Our relationship with God is the only thing meant for us to fill that hole, longing to be loved, accepted, and unconditionally loved.  We cannot fill it looking to the ladies to the left or right.

Yes, we long for friendship and camaraderie with our sisters in Christ.  It is acceptable and necessary to make those connections for our mental well-being. But they won’t hold up unless we pursue our personal relationship with God first.

It’s hard to be on the friendship fringe, especially if you already feel emotionally less than those around you. But when you stop to see all of the people God has placed in your life that love you with His heart the perceived hurts of exclusion disappear.  Love wins every time.

As my friend Kay consistently points out, we have laughed, cried and prayed on her porch during every one of those friendship famine years.  She has been there when no one else knew to be and she obeyed God when He put me on her heart to call, pray or visit.

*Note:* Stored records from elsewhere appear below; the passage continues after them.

lemma homogeneous_code_multinomial_bound:
  assumes code: "is_code n M L xs Pw u D" and hom: "homogeneous s2 n M L xs u D"
    and err: "gamma_avg s2 n M u D < 1" and xs: "inj_on xs {1..L}" and M: "M \<ge> 1"
    and occurs: "\<And>i l. i \<in> {1..M} \<Longrightarrow> l \<in> {1..L} \<Longrightarrow> \<exists>t\<in>{1..n}. u i t = xs l"
  shows "M * (\<Prod>l\<in>{1..L}. fact (card {t\<in>{1..n}. u 1 t = xs l})) \<le> fact n"
proof -
  define A where "A = mset (map (u 1) [1..<Suc n])"
  have one: "1 \<in> {1..M}"
    using M by simp
  have same_type: "mset (map (u i) [1..<Suc n]) = A" if "i \<in> {1..M}" for i
    unfolding A_def using code hom that one by (rule homogeneous_code_mset_eq)
  have set_A: "set_mset A = xs ` {1..L}"
  proof
    show "set_mset A \<subseteq> xs ` {1..L}"
      using code one unfolding is_code_def by (auto simp: A_def)
    show "xs ` {1..L} \<subseteq> set_mset A"
      using occurs[OF one] by (force simp: A_def)
  qed
  have "count A (xs l) = card {t\<in>{1..n}. u 1 t = xs l}" for l
    by (simp only: A_def count_mset_map_upt)
  then have prod_eq: "(\<Prod>l\<in>{1..L}. fact (card {t\<in>{1..n}. u 1 t = xs l}))
      = (\<Prod>x\<in>set_mset A. fact (count A x))"
    unfolding set_A prod.reindex[OF xs] comp_def by simp
  have "M * (\<Prod>l\<in>{1..L}. fact (card {t\<in>{1..n}. u 1 t = xs l}))
      = card {1..M} * (\<Prod>x\<in>set_mset A. fact (count A x))"
    unfolding prod_eq by simp
  also have "\<dots> \<le> fact (size A)"
    using homogeneous_code_words_inj[OF code hom err occurs] same_type
    by (rule card_mult_prod_fact_count_le_fact_size)
  also have "size A = n"
    by (simp add: A_def)
  finally show ?thesis .
qed

section \<open>The rate bound\<close>

definition rate_upper_bound :: "nat \<Rightarrow> nat \<Rightarrow> (nat \<Rightarrow> real) \<Rightarrow> real" where
  "rate_upper_bound n L P =
     entropy2 L P
     + 1 / (real n)\<^sup>2 * (1 / 12 - (\<Sum>l\<in>{1..L}. 1 / (12 * P l + 1)))
     + 1 / real n * (log 2 (sqrt (2 * pi)) - (\<Sum>l\<in>{1..L}. log 2 (sqrt (2 * pi * P l))))
     - log 2 (real n) / real n * ((real L - 1) / 2)"

lemma entropy2_counts:
  fixes K :: "nat \<Rightarrow> real"
  assumes "n \<ge> 1" and K: "\<And>l. l \<in> {1..L} \<Longrightarrow> K l > 0"
    and sum_K: "(\<Sum>l\<in>{1..L}. K l) = real n"
  shows "real n * ln 2 * entropy2 L (\<lambda>l. K l / real n)
    = real n * ln (real n) - (\<Sum>l\<in>{1..L}. K l * ln (K l))"
proof -
  have "real n * ln 2 * (K l / real n * log 2 (K l / real n)) = K l * ln (K l) - K l * ln (real n)"
    if "l \<in> {1..L}" for l
    using K[OF that] assms(1) by (simp add: log_def ln_div field_simps)
  with sum_K show ?thesis
    by (simp add: entropy2_def sum_distrib_left sum_subtractf flip: sum_distrib_right)
qed
lemma frame_conj_tensor_pad:
  assumes L: "orthonormal m (frame @ Z)" "length (frame @ Z) = m"
    and Z: "\<And>z. z \<in> set Z \<Longrightarrow> \<pi> (1\<^sub>m n) *\<^sub>v z = 0\<^sub>v m"
    and x: "x \<in> carrier_mat n n"
  shows "cadj (mat_of_cols m (frame @ Z)) * \<pi> x * mat_of_cols m (frame @ Z) = tensor_pad n (length W) m x"
proof (rule eq_matI)
  let ?L = "frame @ Z"
  fix s t assume "s < dim_row (tensor_pad n (length W) m x)" "t < dim_col (tensor_pad n (length W) m x)"
  then have st: "s < m" "t < m" by (simp_all add: tensor_pad_def)
  have Lc: "set ?L \<subseteq> carrier_vec m" using L(1) unfolding orthonormal_def by simp
  then have Lst: "?L ! s \<in> carrier_vec m" "?L ! t \<in> carrier_vec m"
    using st L(2) nth_mem[of s ?L] nth_mem[of t ?L] by auto
  have in_Z: "?L ! r \<in> set Z" if "n * length W \<le> r" "r < m" for r
    using that L(2) by (simp add: frame_def nth_append)
  have "(cadj (mat_of_cols m ?L) * \<pi> x * mat_of_cols m ?L) $$ (s,t) = (\<pi> x *\<^sub>v ?L ! t) \<bullet>c ?L ! s"
    by (rule mat_of_cols_conj_index[OF Lc hom_carrier[OF x]]) (use st L(2) in simp_all)
  also have "\<dots> = tensor_pad n (length W) m x $$ (s,t)"
  proof (cases "t < n * length W \<and> s < n * length W")
    case True
    then have "?L ! t = frame_vec t" "?L ! s = frame_vec s" by (simp_all add: frame_def nth_append)
    moreover have "tensor_pad n (length W) m x $$ (s,t) =
        (if s mod length W = t mod length W then x $$ (s div length W, t div length W) else 0)"
      using True st by (simp add: tensor_pad_def)
    ultimately show ?thesis using frame_vec_cscalar[OF x] True by simp
  next
    case outside: False
    then have "\<pi> (1\<^sub>m n) *\<^sub>v ?L ! t = 0\<^sub>v m \<or> \<pi> (1\<^sub>m n) *\<^sub>v ?L ! s = 0\<^sub>v m"
      using st Z in_Z by (meson not_le)
    then have "(\<pi> x *\<^sub>v ?L ! t) \<bullet>c ?L ! s = 0" by (rule cscalar_prod_one_kernel[OF x Lst(2,1)])
    then show ?thesis using outside st by (auto simp: tensor_pad_def)
  qed
  finally show "(cadj (mat_of_cols m ?L) * \<pi> x * mat_of_cols m ?L) $$ (s,t) = tensor_pad n (length W) m x $$ (s,t)" .
qed (use L(2) in \<open>simp_all add: tensor_pad_def\<close>)
text \<open>The right-hand side is an open condition on the entries of \<open>A\<close>: this is what makes
  Schmidt rank lower semicontinuous.\<close>

lemma rank_ge_iff_gram_det:
  fixes A :: "complex mat"
  assumes A: "A \<in> carrier_mat n m"
  shows "r \<le> vec_space.rank n A \<longleftrightarrow>
    (\<exists>j. (\<forall>a<r. j a < m) \<and> det (gram_mat (select_cols A n r j)) \<noteq> 0)"
proof
  assume "r \<le> vec_space.rank n A"
  then obtain B where B: "B \<in> carrier_mat n r" "set (cols B) \<subseteq> set (cols A)"
    "\<forall>v\<in>carrier_vec r. B *\<^sub>v v = 0\<^sub>v n \<longrightarrow> v = 0\<^sub>v r"
    using vec_space.rank_ge_imp_injective_col_submatrix[OF A] by blast
  have "\<exists>c<m. col B a = col A c" if "a < r" for a
  proof -
    have "col B a \<in> col A ` {0..<m}" using B(1,2) A that by (auto simp: cols_def)
    thus ?thesis by auto
  qed
  then obtain j where j: "\<And>a. a < r \<Longrightarrow> j a < m \<and> col B a = col A (j a)" by metis
  have "select_cols A n r j = B"
  proof (rule eq_matI)
    fix i a assume "i < dim_row B" "a < dim_col B"
    with B(1) A j[of a] show "select_cols A n r j $$ (i, a) = B $$ (i, a)"
      by (auto simp: select_cols_def dest!: arg_cong[of _ _ "\<lambda>w. w $ i"])
  qed (use B in \<open>auto simp: select_cols_def\<close>)
  with j B show "\<exists>j. (\<forall>a<r. j a < m) \<and> det (gram_mat (select_cols A n r j)) \<noteq> 0"
    using gram_mat_det_nonzero_iff[OF B(1)] by blast
next
  assume "\<exists>j. (\<forall>a<r. j a < m) \<and> det (gram_mat (select_cols A n r j)) \<noteq> 0"
  then obtain j where j: "\<forall>a<r. j a < m" and det: "det (gram_mat (select_cols A n r j)) \<noteq> 0"
    by blast
  have "set (cols (select_cols A n r j)) \<subseteq> set (cols A)"
  proof
    fix c assume "c \<in> set (cols (select_cols A n r j))"
    then obtain a where a: "a < r" "c = col (select_cols A n r j) a"
      by (auto simp: cols_def select_cols_def)
    hence "c = col A (j a)" using A j by (intro eq_vecI) (auto simp: select_cols_def)
    thus "c \<in> set (cols A)" using j a A by (auto simp: cols_def)
  qed
  with det show "r \<le> vec_space.rank n A"
    using vec_space.injective_col_submatrix_imp_rank_ge[OF A select_cols_carrier]
      gram_mat_det_nonzero_iff[OF select_cols_carrier] by blast
qed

This chat was no different.  As she recounted the conversation with her friend, she had felt the enormity of her friend’s feelings.  I felt the “A-Ha” moment.  She felt exactly how I had felt.  Left out, marginalized, on the fringe. Kay reminded me again that I do have friends, people who really like me for who I am. I told her that I just couldn’t seem to see the forest for the trees.  She thought I said I couldn’t “see the force behind the truth.”

When she misheard what I had said, I realized that the Holy Spirit was at work in a might way between us. I couldn’t see the multitude of people she knew who liked me, I could only see the ones whom I knew openly disliked me.  Her incorrect reiteration of my initial statement was more the truth than what I had intended. I couldn’t “see the force behind the truth”.

It is about quality, not quantity. It is about accepting God’s love first and receiving the Godly love given to us from the ones who call us friend.  It only takes one or two people, not a whole gaggle.  God’s love is more than enough if we will only receive it.

Look at the lady next to you who isn’t your close friend. Do you see her? Really see her?  Her hurts look just like yours except they are wearing different clothes.  Take the time to listen to her, even if she isn’t your cup of tea.  Allow yourself to be unrushed in the conversation.  Ask her to join you for a cup of hot liquid and a chat.  Include her in the inside joke.

You may not become bosom buddies and that’s ok. But you will show her Jesus’ unconditional love in those moments of unfettered attention.  That may be all she needs to feel His love through you.

I’m so glad my girl Kay invited her new friend to a day of fun last weekend. And I’m so grateful that she included me through our conversation.  Her new pal and I were sitting at the cool table the whole time and didn’t even know it.  Jesus has room for all of us, we just need to keep passing the invitation on to the next gal.